Na publicidade brasileira também surgem sinais da necessidade de mudança. O segundo quesito campeão em reclamações no Conselho Nacional de Autorregulamentação Publicitária (Conar) é o que engloba formas de discriminação, como a de gênero. No ano passado, 14% das reclamações estavam nessa categoria. “As agências e os clientes estão aprendendo na tentativa e erro”, diz Carla Alzamora, diretora de Planejamento da agência de propaganda brasileira Heads. A empresa fez uma pesquisa para entender melhor o problema.
No Festival mais importante de publicidade, a defesa da igualdade de gênero virou uma categoria
A análise de 2,8 mil comerciais, veiculados durante uma semana em dois canais de televisão, sugere que os anúncios andam meio vintage, no mau sentido.
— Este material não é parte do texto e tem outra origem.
text \<open>A quasi-concave function increases and then decreases.\<close>
lemma variation_quasiconcave_le:
  fixes f :: "real \<Rightarrow> real" and tt :: "nat \<Rightarrow> real"
  assumes mono: "\<forall>i<n. tt i \<le> tt (Suc i)"
    and range: "\<forall>i\<le>n. tt i \<in> {0..1}"
    and qc: "\<And>x y z. 0 \<le> x \<Longrightarrow> x \<le> y \<Longrightarrow> y \<le> z \<Longrightarrow> z \<le> 1 \<Longrightarrow> min (f x) (f z) \<le> f y"
    and bound: "\<And>x. x \<in> {0..1} \<Longrightarrow> f x \<le> R"
  shows "(\<Sum>i<n. \<bar>f (tt (Suc i)) - f (tt i)\<bar>) \<le> 2 * R - f (tt 0) - f (tt n)"
  using mono range
proof (induction n)
  case 0
  then show ?case using bound[of "tt 0"] by simp
next
  case (Suc n)
  have IH: "(\<Sum>i<n. \<bar>f (tt (Suc i)) - f (tt i)\<bar>) \<le> 2 * R - f (tt 0) - f (tt n)"
    using Suc by auto
  have tt_mono: "\<And>i j. i \<le> j \<Longrightarrow> j \<le> Suc n \<Longrightarrow> tt i \<le> tt j"
    using partition_mono[OF Suc.prems(1)] by blast
  have tt_range: "\<And>i. i \<le> Suc n \<Longrightarrow> 0 \<le> tt i \<and> tt i \<le> 1"
    using Suc.prems(2) by auto
  show ?case
  proof (cases "f (tt (Suc n)) \<le> f (tt n)")
    case True
    then show ?thesis using IH by simp
  next
    case False
    have increasing: "f (tt i) \<le> f (tt (Suc i))" if "i < n" for i
    proof -
      have "min (f (tt i)) (f (tt (Suc n))) \<le> f (tt (Suc i))"
        using qc tt_range[of i] tt_range[of "Suc n"] tt_mono[of i "Suc i"] tt_mono[of "Suc i" "Suc n"] that
        by auto
      moreover have "min (f (tt (Suc i))) (f (tt (Suc n))) \<le> f (tt n)"
        using qc tt_range[of "Suc i"] tt_range[of "Suc n"] tt_mono[of "Suc i" n] tt_mono[of n "Suc n"] that
        by auto
      ultimately show ?thesis using False by (auto simp: min_def split: if_splits)
    qed
    have "(\<Sum>i<n. \<bar>f (tt (Suc i)) - f (tt i)\<bar>) = (\<Sum>i<n. f (tt (Suc i)) - f (tt i))"
      using increasing by (intro sum.cong) auto
    also have "\<dots> = f (tt n) - f (tt 0)"
      by (rule sum_lessThan_telescope)
    finally show ?thesis
      using False bound[of "tt (Suc n)"] tt_range[of "Suc n"] by simp
  qed
qed
(* There is $d_0$ such that the following holds for all $d\geq d_0$. Let $G$ be a graph on $n$ vertices with average degree $d$. Then there exists a non-empty bipartite subgraph $G'$ of $G$ with parts $X$ and $Y$ such that $e(G')\geq|X|\cdot\frac{\Delta(G')}{80}$ and $e(G')\geq|Y|\cdot\frac{d}{10\log n}$.
   Context: $e(G')$ is the number of edges and $\Delta(G')$ the maximum degree of $G'$. Logarithms are base $2$. *)

theory Defs
  imports Complex_Main
begin

definition simple_graph :: "'a set \<Rightarrow> 'a set set \<Rightarrow> bool" where
  "simple_graph V E \<longleftrightarrow> finite V \<and> (\<forall>e\<in>E. e \<subseteq> V \<and> card e = 2)"

definition degree :: "'a set set \<Rightarrow> 'a \<Rightarrow> nat" where
  "degree E v = card {e\<in>E. v \<in> e}"

definition max_degree :: "'a set \<Rightarrow> 'a set set \<Rightarrow> nat" where
  "max_degree V E = Max (degree E ` V)"

definition bipartite_subgraph ::
  "'a set \<Rightarrow> 'a set set \<Rightarrow> 'a set \<Rightarrow> 'a set \<Rightarrow> 'a set set \<Rightarrow> bool" where
  "bipartite_subgraph V E X Y E' \<longleftrightarrow>
     X \<subseteq> V \<and> Y \<subseteq> V \<and> X \<inter> Y = {} \<and> E' \<subseteq> E \<and>
     (\<forall>e\<in>E'. \<exists>x\<in>X. \<exists>y\<in>Y. e = {x, y})"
A divisão de homens e mulheres em papéis sociais rígidos continua a existir. Quase metade dos comerciais – 45% – recorrem a comportamentos caricatos (leia o quadro abaixo). São elas as mais afetadas: 15% abusam da sexualização das personagens femininas, tratam-nas como incapazes de tomar decisões próprias ou apelam para a figura manjada (e irreal) da mulher que trabalha-cuida-da-família-é-sexy-à-noite. Tudo com um sorriso no rosto. Os homens sofrem menos, mas não passam incólumes: em 8% das propagandas são os encarregados por consertos em casa ou encarnam o machão descerebrado que só pensa em mulher. “O homem tradicionalmente ocupa uma posição de poder, mas isso significa que eles também sofrem pressão”, afirma Marisa Sanematsu, diretora de conteúdos do Instituto Patrícia Galvão, de defesa dos direitos da mulher.
Até comerciais que tentam desfazer essas imagens cometem deslizes: 5% acabam estereotipando um gênero para enaltecer o outro. Foi o que aconteceu com uma campanha polêmica de um produto de limpeza. Depois que o comercial estreou na TV aberta, em agosto, 15 homens denunciaram o comercial ao Conar porque se sentiram discriminados. O texto da campanha dizia que toda mulher é uma diva e todo homem, “diva-gar”. Em setembro, o Conar não considerou as reclamações procedentes e decidiu arquivar o caso. “É fácil cair na armadilha de inverter o balanço de poder, ridicularizando os homens para exaltar as mulheres”, diz Carla, da Heads.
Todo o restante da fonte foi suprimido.